Bit of a pointless question; more out of curiosity than anything else.
Roaming in Southern California on a Tel$tra Australia SIM card; notice on
my phone at times the carrier is "Cingular"; othertimes "CINGULAR", and
once "'AT&T Wireless'" (note extra puntuation mark here, all of course
without the normal quotation marks).
Any reason for the difference in the names (ie caps, caps & lower case,
and one time AT&T)? Just curious!
Mike S. - 02 Nov 2006 00:31 GMT
>Bit of a pointless question; more out of curiosity than anything else.
>
[quoted text clipped - 5 lines]
>Any reason for the difference in the names (ie caps, caps & lower case,
>and one time AT&T)? Just curious!
I suppose it depends on the ID that the tower transmits, and whether your
phone or your SIM card has precedence in interpreting that number and
converting it to a text string - and which of those lookup lists is more
up to date. Apparently there are some towers that Cingular acquired in the
AT&T merger, but are still transmitting the AT&T code. If you had a
Cingular SIM card and branded phone, all you would ever see would be
"Cingular".
FWIW most of my unbranded phones display "Cingular Wireless".

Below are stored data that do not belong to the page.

lemma nn_integral_Cauchy_Schwarz_radial:
  fixes a b :: "real \<Rightarrow> real"
  assumes [measurable]: "a \<in> borel_measurable borel" "b \<in> borel_measurable borel"
    and "\<And>s. 0 \<le> a s" "\<And>s. 0 \<le> b s" "0 < r"
  shows "(\<integral>\<^sup>+s. ennreal (2 * a s * b s / s) * indicator {r..} s \<partial>lborel)^2
    \<le> (\<integral>\<^sup>+s. ennreal (2*pi* s*(a s)^2) * indicator {0<..} s \<partial>lborel) *
       (ennreal (2/pi) * (\<integral>\<^sup>+s. ennreal ((b s)^2 / s^3) * indicator {0<..} s \<partial>lborel))"
proof -
  define F where "F s = ennreal (sqrt (2*pi* s) * a s) * indicator {0<..} s" for s :: real
  define G where "G s = ennreal (2 * b s / (sqrt (2*pi* s) * s)) * indicator {0<..} s" for s :: real
  have [measurable]: "F \<in> borel_measurable lborel" "G \<in> borel_measurable lborel"
    unfolding F_def G_def by measurable
  have "(\<integral>\<^sup>+s. ennreal (2 * a s * b s / s) * indicator {r..} s \<partial>lborel) \<le> (\<integral>\<^sup>+s. F s * G s \<partial>lborel)"
  proof (intro nn_integral_mono)
    fix s
    show "ennreal (2 * a s * b s / s) * indicator {r..} s \<le> F s * G s"
    proof (cases "r \<le> s")
      case True
      then have "F s * G s = ennreal (2 * a s * b s / s)"
        using \<open>0 < r\<close> assms(3,4)[of s] unfolding F_def G_def
        by (simp add: ennreal_mult[symmetric] field_simps real_sqrt_mult)
      then show ?thesis using True by simp
    qed simp
  qed
  then have "(\<integral>\<^sup>+s. ennreal (2 * a s * b s / s) * indicator {r..} s \<partial>lborel)^2 \<le> (\<integral>\<^sup>+s. F s * G s \<partial>lborel)^2"
    by (intro power_mono) simp_all
  also have "\<dots> \<le> (\<integral>\<^sup>+s. F s ^ 2 \<partial>lborel) * (\<integral>\<^sup>+s. G s ^ 2 \<partial>lborel)"
    by (rule Cauchy_Schwarz_nn_integral) measurable
  also have "(\<integral>\<^sup>+s. F s ^ 2 \<partial>lborel) = (\<integral>\<^sup>+s. ennreal (2*pi* s*(a s)^2) * indicator {0<..} s \<partial>lborel)"
    unfolding F_def using assms(3)
    by (intro nn_integral_cong) (auto simp: indicator_def ennreal_power power_mult_distrib)
  also have "(\<integral>\<^sup>+s. G s ^ 2 \<partial>lborel) = (\<integral>\<^sup>+s. ennreal (2/pi) * (ennreal ((b s)^2 / s^3) * indicator {0<..} s) \<partial>lborel)"
  proof (intro nn_integral_cong)
    fix s :: real
    show "G s ^ 2 = ennreal (2/pi) * (ennreal ((b s)^2 / s^3) * indicator {0<..} s)"
    proof (cases "0 < s")
      case True
      have "(2 * b s / (sqrt (2*pi* s) * s))^2 = 2/pi * ((b s)^2 / s^3)"
        using True by (simp add: power_divide power_mult_distrib field_simps power2_eq_square power3_eq_cube)
      then show ?thesis using True assms(4)[of s] unfolding G_def by (simp add: ennreal_power ennreal_mult[symmetric])
    qed (simp add: G_def)
  qed
  also have "\<dots> = ennreal (2/pi) * (\<integral>\<^sup>+s. ennreal ((b s)^2 / s^3) * indicator {0<..} s \<partial>lborel)"
    by (rule nn_integral_cmult) measurable
  finally show ?thesis .
qed

section \<open>Smooth radial profiles\<close>

lemma has_vector_derivative_profile:
  assumes "u differentiable (at (complex_of_real x))"
  shows "(profile u has_vector_derivative profile (pdir 1 u) x) (at x)"
proof -
  let ?D = "frechet_derivative u (at (complex_of_real x))"
  have D: "(u has_derivative ?D) (at (complex_of_real x))"
    using assms frechet_derivative_works by blast
  have "(complex_of_real has_derivative complex_of_real) (at x)"
    by (rule bounded_linear_imp_has_derivative) (rule bounded_linear_of_real)
  from has_derivative_compose[OF this D]
  have "((\<lambda>r. u (complex_of_real r)) has_derivative (\<lambda>h. ?D (complex_of_real h))) (at x)" .
  moreover have "?D (complex_of_real h) = h *\<^sub>R ?D 1" for h
    using linear_scale[OF has_derivative_linear[OF D], of h 1] by (simp add: scaleR_conv_of_real)
  ultimately show ?thesis
    by (simp add: has_vector_derivative_def profile_def[abs_def] pdir_def)
qed

lemma schwartz_differentiable_iter_pd:
  "schwartz u \<Longrightarrow> set ds \<subseteq> {1, \<i>} \<Longrightarrow> iter_pd ds u differentiable (at x)"
  unfolding schwartz_def by blast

matt weber - 03 Nov 2006 04:44 GMT
>Bit of a pointless question; more out of curiosity than anything else.
>
[quoted text clipped - 5 lines]
>Any reason for the difference in the names (ie caps, caps & lower case,
>and one time AT&T)? Just curious!
The phone does a table look up in the ROM of the phone to determine
what carrier name to display.
The ROM in the phone usually determines what is displayed as the
carrier. Your phone picked the carrier that is identified in the ROM
as AT&T, however if you were to buy a telephone today, that ID would
be in the ROM as Cingular. Some old GSM phones will ID GSM service in
New Zealand as Bell South, because Bell South was the operator at the
time the phone was built. The actual carrier for the past decade or so
has been Vodaphone, who bought Bell South GSM operation in New
Zealand.
James Pole - 06 Nov 2006 04:47 GMT
> The ROM in the phone usually determines what is displayed as the
> carrier. Your phone picked the carrier that is identified in the ROM
[quoted text clipped - 4 lines]
> has been Vodaphone, who bought Bell South GSM operation in New
> Zealand.
The spelling is Vodafone, not Vodaphone. Otherwise yes that's correct.